> Work instructions
Show each line of the listing in which the word "qfree" occurs.

> Entries supplied
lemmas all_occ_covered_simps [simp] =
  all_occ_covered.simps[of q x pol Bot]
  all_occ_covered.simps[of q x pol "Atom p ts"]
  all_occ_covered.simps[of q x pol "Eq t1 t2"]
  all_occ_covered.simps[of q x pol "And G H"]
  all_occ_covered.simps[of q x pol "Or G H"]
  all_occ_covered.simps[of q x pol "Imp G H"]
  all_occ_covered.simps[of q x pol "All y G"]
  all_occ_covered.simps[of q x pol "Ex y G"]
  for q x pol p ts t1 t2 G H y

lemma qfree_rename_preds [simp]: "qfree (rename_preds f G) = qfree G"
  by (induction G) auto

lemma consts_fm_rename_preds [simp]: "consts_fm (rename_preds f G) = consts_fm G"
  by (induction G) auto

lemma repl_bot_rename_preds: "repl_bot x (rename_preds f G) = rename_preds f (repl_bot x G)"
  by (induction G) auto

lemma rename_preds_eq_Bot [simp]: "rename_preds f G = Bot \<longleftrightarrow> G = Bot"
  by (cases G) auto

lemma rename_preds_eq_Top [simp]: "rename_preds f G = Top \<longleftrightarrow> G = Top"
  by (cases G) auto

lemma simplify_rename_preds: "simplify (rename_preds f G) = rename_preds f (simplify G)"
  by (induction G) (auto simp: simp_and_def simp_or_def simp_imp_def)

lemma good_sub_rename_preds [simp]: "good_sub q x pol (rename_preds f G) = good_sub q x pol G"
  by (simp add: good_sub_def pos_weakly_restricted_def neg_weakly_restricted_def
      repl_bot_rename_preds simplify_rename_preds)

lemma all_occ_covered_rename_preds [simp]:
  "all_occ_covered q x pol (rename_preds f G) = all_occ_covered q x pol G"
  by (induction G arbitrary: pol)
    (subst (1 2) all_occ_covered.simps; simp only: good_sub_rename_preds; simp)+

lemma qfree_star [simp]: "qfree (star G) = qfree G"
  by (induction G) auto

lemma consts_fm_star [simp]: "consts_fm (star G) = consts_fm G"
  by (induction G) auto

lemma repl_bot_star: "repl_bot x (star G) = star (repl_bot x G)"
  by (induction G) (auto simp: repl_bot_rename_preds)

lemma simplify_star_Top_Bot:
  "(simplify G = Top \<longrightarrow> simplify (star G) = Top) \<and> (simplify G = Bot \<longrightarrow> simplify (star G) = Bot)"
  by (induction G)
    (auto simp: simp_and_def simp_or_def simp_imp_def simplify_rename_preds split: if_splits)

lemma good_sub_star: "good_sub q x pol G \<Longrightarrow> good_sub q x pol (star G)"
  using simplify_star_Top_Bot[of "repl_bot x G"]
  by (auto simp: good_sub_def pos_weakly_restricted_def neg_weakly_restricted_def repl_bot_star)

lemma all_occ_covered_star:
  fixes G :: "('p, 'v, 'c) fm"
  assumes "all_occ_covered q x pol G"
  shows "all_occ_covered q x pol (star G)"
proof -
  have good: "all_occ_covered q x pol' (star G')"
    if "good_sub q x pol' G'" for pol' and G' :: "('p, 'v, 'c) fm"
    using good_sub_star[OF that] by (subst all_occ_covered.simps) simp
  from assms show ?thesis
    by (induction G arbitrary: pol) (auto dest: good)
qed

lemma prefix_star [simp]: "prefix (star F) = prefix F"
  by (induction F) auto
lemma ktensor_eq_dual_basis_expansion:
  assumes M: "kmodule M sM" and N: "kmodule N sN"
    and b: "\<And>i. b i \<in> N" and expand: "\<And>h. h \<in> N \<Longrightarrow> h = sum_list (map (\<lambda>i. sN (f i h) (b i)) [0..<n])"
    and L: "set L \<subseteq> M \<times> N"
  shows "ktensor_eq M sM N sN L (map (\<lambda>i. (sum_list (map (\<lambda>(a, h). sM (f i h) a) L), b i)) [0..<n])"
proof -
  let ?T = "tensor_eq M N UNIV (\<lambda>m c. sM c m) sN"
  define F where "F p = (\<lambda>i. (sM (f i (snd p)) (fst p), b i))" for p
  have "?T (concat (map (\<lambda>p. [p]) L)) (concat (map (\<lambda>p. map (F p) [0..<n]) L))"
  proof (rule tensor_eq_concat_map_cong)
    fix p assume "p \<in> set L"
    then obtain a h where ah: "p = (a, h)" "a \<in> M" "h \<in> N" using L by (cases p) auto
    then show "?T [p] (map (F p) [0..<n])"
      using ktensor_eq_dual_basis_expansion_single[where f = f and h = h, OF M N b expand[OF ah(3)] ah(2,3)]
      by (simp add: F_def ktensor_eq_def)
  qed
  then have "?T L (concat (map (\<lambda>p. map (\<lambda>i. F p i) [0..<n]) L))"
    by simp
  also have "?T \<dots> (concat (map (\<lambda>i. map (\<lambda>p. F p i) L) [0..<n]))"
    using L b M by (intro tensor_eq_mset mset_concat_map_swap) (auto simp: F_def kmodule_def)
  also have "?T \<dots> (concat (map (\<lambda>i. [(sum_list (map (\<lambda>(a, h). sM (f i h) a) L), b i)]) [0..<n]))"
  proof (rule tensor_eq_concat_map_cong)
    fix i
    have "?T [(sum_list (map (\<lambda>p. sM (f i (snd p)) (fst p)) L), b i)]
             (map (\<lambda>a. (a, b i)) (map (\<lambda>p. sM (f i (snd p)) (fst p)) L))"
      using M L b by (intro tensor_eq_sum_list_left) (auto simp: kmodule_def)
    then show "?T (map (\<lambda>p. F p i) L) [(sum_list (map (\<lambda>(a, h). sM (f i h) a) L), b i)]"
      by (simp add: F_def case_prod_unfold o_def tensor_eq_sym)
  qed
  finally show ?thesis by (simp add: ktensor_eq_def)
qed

> Completed exercise
lemma qfree_rename_preds [simp]: "qfree (rename_preds f G) = qfree G"
lemma qfree_star [simp]: "qfree (star G) = qfree G"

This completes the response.